Probes, supervised models trained to predict properties (like parts-of-speech) from representations (like ELMo), have achieved high accuracy on a range of linguistic tasks. But does this mean that the representations encode linguistic structure or just that the probe has learned the linguistic task? In this paper, we propose control tasks, which associate word types with random outputs, to complement linguistic tasks. By construction, these tasks can only be learned by the probe itself. So a good probe, (one that reflects the representation), should be selective, achieving high linguistic task accuracy and low control task accuracy. The selectivity of a probe puts linguistic task accuracy in context with the probe's capacity to memorize from word types. We construct control tasks for English part-of-speech tagging and dependency edge prediction, and show that popular probes on ELMo representations are not selective.
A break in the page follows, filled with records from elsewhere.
lemma
  shows set_integrable_neg_ln_mult_power: "set_integrable lborel {0<..<1} (\<lambda>v::real. - ln v * v ^ n)"
    and set_integral_neg_ln_mult_power: "(LINT v:{0<..<1}|lborel. - ln v * v ^ n) = 1 / (real n + 1)\<^sup>2"
proof -
  define m where "m = real n + 1"
  define F where "F v = v ^ (n + 1) / m\<^sup>2 - v ^ (n + 1) * ln v / m" for v :: real
  have "m > 0" by (simp add: m_def)
  have F_deriv: "(F has_real_derivative - ln x * x ^ n) (at x)" if "0 < x" for x
  proof -
    have "((\<lambda>v. v ^ (n + 1)) has_real_derivative m * x ^ n) (at x)"
      using DERIV_pow[of "n + 1" x] by (simp add: m_def add.commute)
    then have "(F has_real_derivative
        m * x ^ n / m\<^sup>2 - (x ^ (n + 1) * (1 / x) + m * x ^ n * ln x) / m) (at x)"
      unfolding F_def[abs_def] using that by (intro DERIV_diff DERIV_cdivide DERIV_mult' DERIV_ln_divide)
    moreover have "x ^ (n + 1) * (1 / x) = x ^ n" using that by simp
    ultimately show ?thesis using \<open>m > 0\<close> by (simp add: power2_eq_square field_simps)
  qed
  have "((\<lambda>v::real. v * ln v) \<longlongrightarrow> 0) (at_right 0)" by real_asymp
  then have "((\<lambda>v. v ^ (n + 1) / m\<^sup>2 - v ^ n * (v * ln v) / m)
      \<longlongrightarrow> 0 ^ (n + 1) / m\<^sup>2 - 0 ^ n * 0 / m) (at_right 0)"
    using \<open>m > 0\<close> by (intro tendsto_intros) auto
  then have lim0: "(F \<longlongrightarrow> 0) (at_right 0)" by (simp add: F_def[abs_def] mult_ac)
  have lim1: "(F \<longlongrightarrow> F 1) (at_left 1)"
    unfolding F_def[abs_def] using \<open>m > 0\<close> by (intro tendsto_intros) auto
  have nonneg: "AE x in lborel. ereal 0 < ereal x \<longrightarrow> ereal x < ereal 1 \<longrightarrow> 0 \<le> - ln x * x ^ n"
    by (intro AE_I2) (auto simp: mult_nonpos_nonneg)
  have "set_integrable lborel (einterval (ereal 0) (ereal 1)) (\<lambda>v. - ln v * v ^ n)"
    and "(LBINT v=ereal 0..ereal 1. - ln v * v ^ n) = F 1 - 0"
    by (rule interval_integral_FTC_nonneg[where F = F];
        use F_deriv lim0 lim1 nonneg in \<open>auto intro!: continuous_intros simp: ereal_tendsto_simps1\<close>)+
  then show "set_integrable lborel {0<..<1} (\<lambda>v::real. - ln v * v ^ n)"
    and "(LINT v:{0<..<1}|lborel. - ln v * v ^ n) = 1 / (real n + 1)\<^sup>2"
    by (simp_all add: interval_lebesgue_integral_def F_def m_def)
qed

lemma
  assumes u: "u > 1"
  shows set_integrable_inverse_sq_diff: "set_integrable lborel {0<..<1} (\<lambda>v::real. 1 / (u\<^sup>2 - v\<^sup>2))"
    and set_integral_inverse_sq_diff: "(LINT v:{0<..<1}|lborel. 1 / (u\<^sup>2 - v\<^sup>2)) = Lfun u / (2 * u)"
proof -
  have sq_diff: "u\<^sup>2 - v\<^sup>2 = (u + v) * (u - v)" for v :: real
    by (simp add: power2_eq_square algebra_simps)
  have cont: "continuous_on {0..1} (\<lambda>v::real. 1 / (u\<^sup>2 - v\<^sup>2))"
    using u by (auto intro!: continuous_intros simp: sq_diff)
  then show "set_integrable lborel {0<..<1} (\<lambda>v::real. 1 / (u\<^sup>2 - v\<^sup>2))"
    by (rule set_integrable_subset[OF borel_integrable_atLeastAtMost']) auto
  define F where "F v = (ln (u + v) - ln (u - v)) / (2 * u)" for v :: real
  have "(LINT v:{0..1}|lborel. 1 / (u\<^sup>2 - v\<^sup>2)) = F 1 - F 0"
    unfolding set_lebesgue_integral_def
  proof (rule integral_FTC_atLeastAtMost[OF _ _ cont])
    fix x :: real assume "0 \<le> x" "x \<le> 1"
    then have pos: "0 < u + x" "0 < u - x" using u by auto
    then have "((\<lambda>v. ln (u + v) - ln (u - v)) has_real_derivative 1 / (u + x) - - 1 / (u - x)) (at x)"
      by (auto intro!: derivative_eq_intros)
    from DERIV_cdivide[OF this, of "2 * u"]
    have "(F has_real_derivative (1 / (u + x) - - 1 / (u - x)) / (2 * u)) (at x)"
      unfolding F_def[abs_def] .
    moreover have "1 / (u + x) - - 1 / (u - x) = 2 * u / ((u + x) * (u - x))"
      using pos by (simp add: field_simps)
    ultimately have "(F has_real_derivative 1 / (u\<^sup>2 - x\<^sup>2)) (at x)"
      using u by (simp add: sq_diff)
    then show "(F has_vector_derivative 1 / (u\<^sup>2 - x\<^sup>2)) (at x within {0..1})"
      by (simp add: has_real_derivative_iff_has_vector_derivative has_vector_derivative_at_within)
  qed simp
  moreover have "F 1 - F 0 = Lfun u / (2 * u)"
    using u by (simp add: F_def Lfun_def ln_div diff_divide_distrib)
  ultimately show "(LINT v:{0<..<1}|lborel. 1 / (u\<^sup>2 - v\<^sup>2)) = Lfun u / (2 * u)"
    by (simp add: set_integral_Icc_Ioo)
qed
We also find that dropout, commonly used to control probe complexity, is ineffective for improving selectivity of MLPs, but that other forms of regularization are effective. Finally, we find that while probes on the first layer of ELMo yield slightly better part-of-speech tagging accuracy than the second, probes on the second layer are substantially more selective, which raises the question of which layer better represents parts-of-speech.

Paper Structure

This paper contains 27 sections, 5 equations, 4 figures, 2 tables.

Figures (4)

  • Figure 1: Our control tasks define random behavior (like a random output, top) for each word type in the vocabulary. Each word token is assigned its type's output, regardless of context (middle, bottom.) Control tasks have the same input and output space as a linguistic task (e.g., parts-of-speech) but can only be learned if the probe memorizes the mapping.
  • Figure 2: Selectivity is defined as the difference between linguistic task accuracy and control task accuracy, and can vary widely, as shown, across probes which achieve similar linguistic task accuracies. These results taken from § \ref{['sectionselectivityresults']}.
  • Figure 3: Example dependency tree from the development set of the Penn Treebank with dependents pointing at heads, and the structure resulting from our dependency edge prediction control task on the same sentence.
  • Figure 4: Linguistic task accuracies and selectivities for the 5 complexity control methods. All methods except dropout and early stopping are shown to improve selectivity without a large impact on linguistic task accuracy. All methods for the same task share a common y-axis, and use their own categorical x-axis. All x-axes are ordered from most severe constraints on complexity (left) to most laissez-faire (right).